# I'm dating someone steadily now



## BeingofFlesh (May 14, 2015)

So I've spent 3 weeks with this cute woman 2½ years older than me, and while it's safe to say we have little in common (A challenge I've never liked) it would be a lie to say we don't hit it off great and have great chemistry. I like her, and she likes me, like, A LOT. Enough to warrant a "when will I see you again?" within 5 minutes of departing. Apparently I'm just that sweet and trustworthy.


She's rather a nutcase, in relation to the "norm". Maniodepressive, some very specific anxiety, and to top it off, she's been molested as a child and thus have some trouble being intimate with anybody and have a nasty habit of being guarded. Such a nice combo to compliment my seated trust issues. 






Now this all sounds rather repelling, but on the flip side, she's actually the sweetest person ever and far from boring. In fact she's a challenge that just might be worth it, and the least I'll get out of is a lot of social practice, which is great in and of itself. 



Last night, we went on first "official" date, although to be honest, we've already been on three. It was a trip to the Circus, and I had prepared a nice picnic afterwards, with hand pickled fruits and berries and chocolates, + I arranged a fun drawing contest (she's an awsome artist: to boost her selfesteem) and it was all a big succes until the mosquitos started swarming us. So we went for a long walk instead, shared some hugs and held hands a bit (something that crosses her boundaries, so is a huge deal)
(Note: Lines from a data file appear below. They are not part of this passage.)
lemma L2norm_diff_le:
  fixes x y :: "real \<Rightarrow> real^'n"
  assumes "continuous_on {0..T} x" and "continuous_on {0..T} y"
  shows "L2norm T (\<lambda>t. x t - y t)
           \<le> sqrt (2 * integral {0..T} (\<lambda>t. x t \<bullet> x t) + 2 * integral {0..T} (\<lambda>t. y t \<bullet> y t))"
proof -
  have "integral {0..T} (\<lambda>t. (x t - y t) \<bullet> (x t - y t))
      \<le> integral {0..T} (\<lambda>t. 2 * (x t \<bullet> x t) + 2 * (y t \<bullet> y t))"
  proof (rule integral_le)
    show "(\<lambda>t. (x t - y t) \<bullet> (x t - y t)) integrable_on {0..T}"
      "(\<lambda>t. 2 * (x t \<bullet> x t) + 2 * (y t \<bullet> y t)) integrable_on {0..T}"
      using assms by (auto intro!: integrable_continuous_interval continuous_intros)
    show "(x t - y t) \<bullet> (x t - y t) \<le> 2 * (x t \<bullet> x t) + 2 * (y t \<bullet> y t)" for t
      using inner_ge_zero[of "x t + y t"]
      by (simp add: inner_add_left inner_add_right inner_diff_left inner_diff_right inner_commute)
  qed
  also have "\<dots> = 2 * integral {0..T} (\<lambda>t. x t \<bullet> x t) + 2 * integral {0..T} (\<lambda>t. y t \<bullet> y t)"
    using assms by (subst integral_add) (auto intro!: integrable_continuous_interval continuous_intros)
  finally show ?thesis unfolding L2norm_def by simp
qed

lemma abs_integral_inner_le:
  fixes g h :: "real \<Rightarrow> real^'n"
  assumes "continuous_on {0..T} g" and "continuous_on {0..T} h"
    and bound: "\<And>t. t \<in> {0..T} \<Longrightarrow> norm (h t) \<le> S"
  shows "\<bar>integral {0..T} (\<lambda>t. g t \<bullet> h t)\<bar> \<le> S * integral {0..T} (\<lambda>t. norm (g t))"
proof -
  have "norm (integral {0..T} (\<lambda>t. g t \<bullet> h t)) \<le> integral {0..T} (\<lambda>t. S * norm (g t))"
  proof (rule integral_norm_bound_integral)
    show "(\<lambda>t. g t \<bullet> h t) integrable_on {0..T}" "(\<lambda>t. S * norm (g t)) integrable_on {0..T}"
      using assms by (auto intro!: integrable_continuous_interval continuous_intros)
    fix t assume "t \<in> {0..T}"
    have "norm (g t \<bullet> h t) \<le> norm (g t) * norm (h t)"
      using Cauchy_Schwarz_ineq2 by simp
    also have "\<dots> \<le> norm (g t) * S" by (rule mult_left_mono[OF bound[OF \<open>t \<in> {0..T}\<close>]]) simp
    finally show "norm (g t \<bullet> h t) \<le> S * norm (g t)" by (simp add: mult.commute)
  qed
  then show ?thesis by simp
qed

text \<open>Replacing \<open>\<psi>\<^sup>\<infinity>\<close> by \<open>\<psi>\<^sub>T = \<psi>\<^sup>\<infinity> + e\<^sub>h + e\<^sub>p\<close> perturbs the windowed sensitivity by
  \<open>T\<^sup>-\<^sup>1 \<integral> (e\<^sub>h + e\<^sub>p) \<bullet> f\<^sub>s\<close>; Cauchy-Schwarz bounds the \<open>e\<^sub>h\<close> part by \<open>\<parallel>e\<^sub>h\<parallel>\<^sub>2 \<surd>T\<close>.\<close>

lemma sensitivity_error_le:
  fixes Js :: "real \<Rightarrow> real" and fs psiinf :: "real \<Rightarrow> real^'n" and psiT :: "real \<Rightarrow> real \<Rightarrow> real^'n"
  assumes T: "0 < T"
    and cont: "continuous_on {0..T} Js" "continuous_on {0..T} fs"
      "continuous_on {0..T} (psiT T)" "continuous_on {0..T} psiinf"
    and fs_bound: "\<And>t. t \<in> {0..T} \<Longrightarrow> norm (fs t) \<le> S"
  shows "\<bar>(1 / T) * integral {0..T} (\<lambda>t. Js t + psiT T t \<bullet> fs t) - d\<bar>
           \<le> L2norm T (eh psiT psiinf T) * S / sqrt T
              + S * integral {0..T} (\<lambda>t. norm (ep psiinf T t)) / T
              + \<bar>(1 / T) * integral {0..T} (\<lambda>t. Js t + psiinf t \<bullet> fs t) - d\<bar>"
proof -
  let ?eh = "eh psiT psiinf T" and ?ep = "ep psiinf T"
  let ?a = "(1 / T) * integral {0..T} (\<lambda>t. Js t + psiinf t \<bullet> fs t) - d"
  have cont_ep: "continuous_on {0..T} ?ep" unfolding ep_def by (intro continuous_intros)
  have cont_eh: "continuous_on {0..T} ?eh" unfolding eh_def using cont cont_ep by (intro continuous_intros)
  have int: "(\<lambda>t. Js t + psiT T t \<bullet> fs t) integrable_on {0..T}"
    "(\<lambda>t. Js t + psiinf t \<bullet> fs t) integrable_on {0..T}"
    "(\<lambda>t. ?eh t \<bullet> fs t) integrable_on {0..T}" "(\<lambda>t. ?ep t \<bullet> fs t) integrable_on {0..T}"
    using cont cont_ep cont_eh by (auto intro!: integrable_continuous_interval continuous_intros)
  have "integral {0..T} (\<lambda>t. Js t + psiT T t \<bullet> fs t)
      = integral {0..T} (\<lambda>t. (Js t + psiinf t \<bullet> fs t) + (?eh t \<bullet> fs t + ?ep t \<bullet> fs t))"
    by (rule integral_cong) (simp add: eh_def inner_diff_left)
  also have "\<dots> = integral {0..T} (\<lambda>t. Js t + psiinf t \<bullet> fs t)
      + (integral {0..T} (\<lambda>t. ?eh t \<bullet> fs t) + integral {0..T} (\<lambda>t. ?ep t \<bullet> fs t))"
    using int by (simp add: integral_add integrable_add)
  finally have "(1 / T) * integral {0..T} (\<lambda>t. Js t + psiT T t \<bullet> fs t) - d
      = ?a + (1 / T) * (integral {0..T} (\<lambda>t. ?eh t \<bullet> fs t) + integral {0..T} (\<lambda>t. ?ep t \<bullet> fs t))"
    by (simp only: distrib_left diff_add_eq)
  then have "\<bar>(1 / T) * integral {0..T} (\<lambda>t. Js t + psiT T t \<bullet> fs t) - d\<bar>
      = \<bar>?a + (1 / T) * (integral {0..T} (\<lambda>t. ?eh t \<bullet> fs t) + integral {0..T} (\<lambda>t. ?ep t \<bullet> fs t))\<bar>"
    by (rule arg_cong)
  also have "\<dots> \<le> \<bar>?a\<bar> + (1 / T) * (\<bar>integral {0..T} (\<lambda>t. ?eh t \<bullet> fs t)\<bar>
      + \<bar>integral {0..T} (\<lambda>t. ?ep t \<bullet> fs t)\<bar>)"
  proof -
    let ?x = "integral {0..T} (\<lambda>t. ?eh t \<bullet> fs t)" and ?y = "integral {0..T} (\<lambda>t. ?ep t \<bullet> fs t)"
    have "\<bar>(1 / T) * (?x + ?y)\<bar> = (1 / T) * \<bar>?x + ?y\<bar>" using T by (simp add: abs_mult)
    also have "\<dots> \<le> (1 / T) * (\<bar>?x\<bar> + \<bar>?y\<bar>)"
      by (rule mult_left_mono[OF abs_triangle_ineq]) (use T in simp)
    finally show ?thesis using abs_triangle_ineq[of ?a "(1 / T) * (?x + ?y)"] by linarith
  qed
  also have "\<dots> \<le> \<bar>?a\<bar> + (1 / T) * (S * (sqrt T * L2norm T ?eh) + S * integral {0..T} (\<lambda>t. norm (?ep t)))"
  proof -
    have "norm (fs 0) \<le> S" using T by (intro fs_bound) simp
    then have "0 \<le> S" using norm_ge_zero[of "fs 0"] by linarith
    have "\<bar>integral {0..T} (\<lambda>t. ?eh t \<bullet> fs t)\<bar> \<le> S * integral {0..T} (\<lambda>t. norm (?eh t))"
      by (rule abs_integral_inner_le[OF cont_eh cont(2) fs_bound])
    also have "\<dots> \<le> S * (sqrt T * L2norm T ?eh)"
      by (rule mult_left_mono[OF integral_norm_le_sqrt_L2norm[OF _ cont_eh] \<open>0 \<le> S\<close>]) (use T in simp)
    finally have "\<bar>integral {0..T} (\<lambda>t. ?eh t \<bullet> fs t)\<bar> \<le> S * (sqrt T * L2norm T ?eh)" .
    moreover have "\<bar>integral {0..T} (\<lambda>t. ?ep t \<bullet> fs t)\<bar> \<le> S * integral {0..T} (\<lambda>t. norm (?ep t))"
      by (rule abs_integral_inner_le[OF cont_ep cont(2) fs_bound])
    ultimately show ?thesis using T by (intro add_left_mono mult_left_mono add_mono) simp_all
  qed
  also have "\<dots> = L2norm T ?eh * S / sqrt T + S * integral {0..T} (\<lambda>t. norm (?ep t)) / T + \<bar>?a\<bar>"
  proof -
    have "(1 / T) * (S * (sqrt T * L2norm T ?eh)) = (1 / (sqrt T * sqrt T)) * (S * (sqrt T * L2norm T ?eh))"
      using T by simp
    also have "\<dots> = L2norm T ?eh * S / sqrt T"
      using T by (simp add: field_simps)
    finally have "(1 / T) * (S * (sqrt T * L2norm T ?eh)) = L2norm T ?eh * S / sqrt T" .
    moreover have "(1 / T) * (S * integral {0..T} (\<lambda>t. norm (?ep t))) = S * integral {0..T} (\<lambda>t. norm (?ep t)) / T"
      by simp
    ultimately show ?thesis by (simp only: distrib_left add.assoc)
  qed
  finally show ?thesis .
qed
Next time we'll meet, it's going to be over some movies on netflix. She's not afraid to admit she wants to snuggle up to me. It'll be a good practice for both of us, and I'm honestly a bit excited how well this is going. Going to enjoy it while it lasts :clap


----------



## Kevin001 (Jan 2, 2015)

Congrats bro, happy for you.


----------



## jsgt (Jun 26, 2011)

BeingofFlesh said:


> Going to enjoy it while it lasts :clap


Glad to hear man! Sounds like you have a casual approach to this, and I think this is how everyone should approach a new relationship. Hope everything works out for you. :hs


----------



## Penguinfan (Apr 5, 2015)

Nice, hope for the best of the relationship.


----------



## StarvedCat (Jun 17, 2015)

I'm so happy because of you I'm gonna have problems sleeping tonight.


----------



## Guitarman100 (Jul 3, 2015)

People like you give me motivation to try


----------



## DNO103 (Jun 18, 2015)

That's great to hear! Best of wishes
_Posted via Mobile Device_


----------



## Mxx1 (Feb 3, 2015)

That's so great that you found someone nice to date :boogie Best of luck for you two


----------



## Andre (Feb 27, 2004)

I'm envious


----------



## halfly (Sep 18, 2012)

Congrats! Sounds like a relationship that will take some work and effort on both parts, but the things you work harder for are the things you appreciate the most.

Best of luck to you


----------



## Entrensik (Apr 25, 2014)

Id be more anxious about the snuggling part. But she sounds great good luck .


----------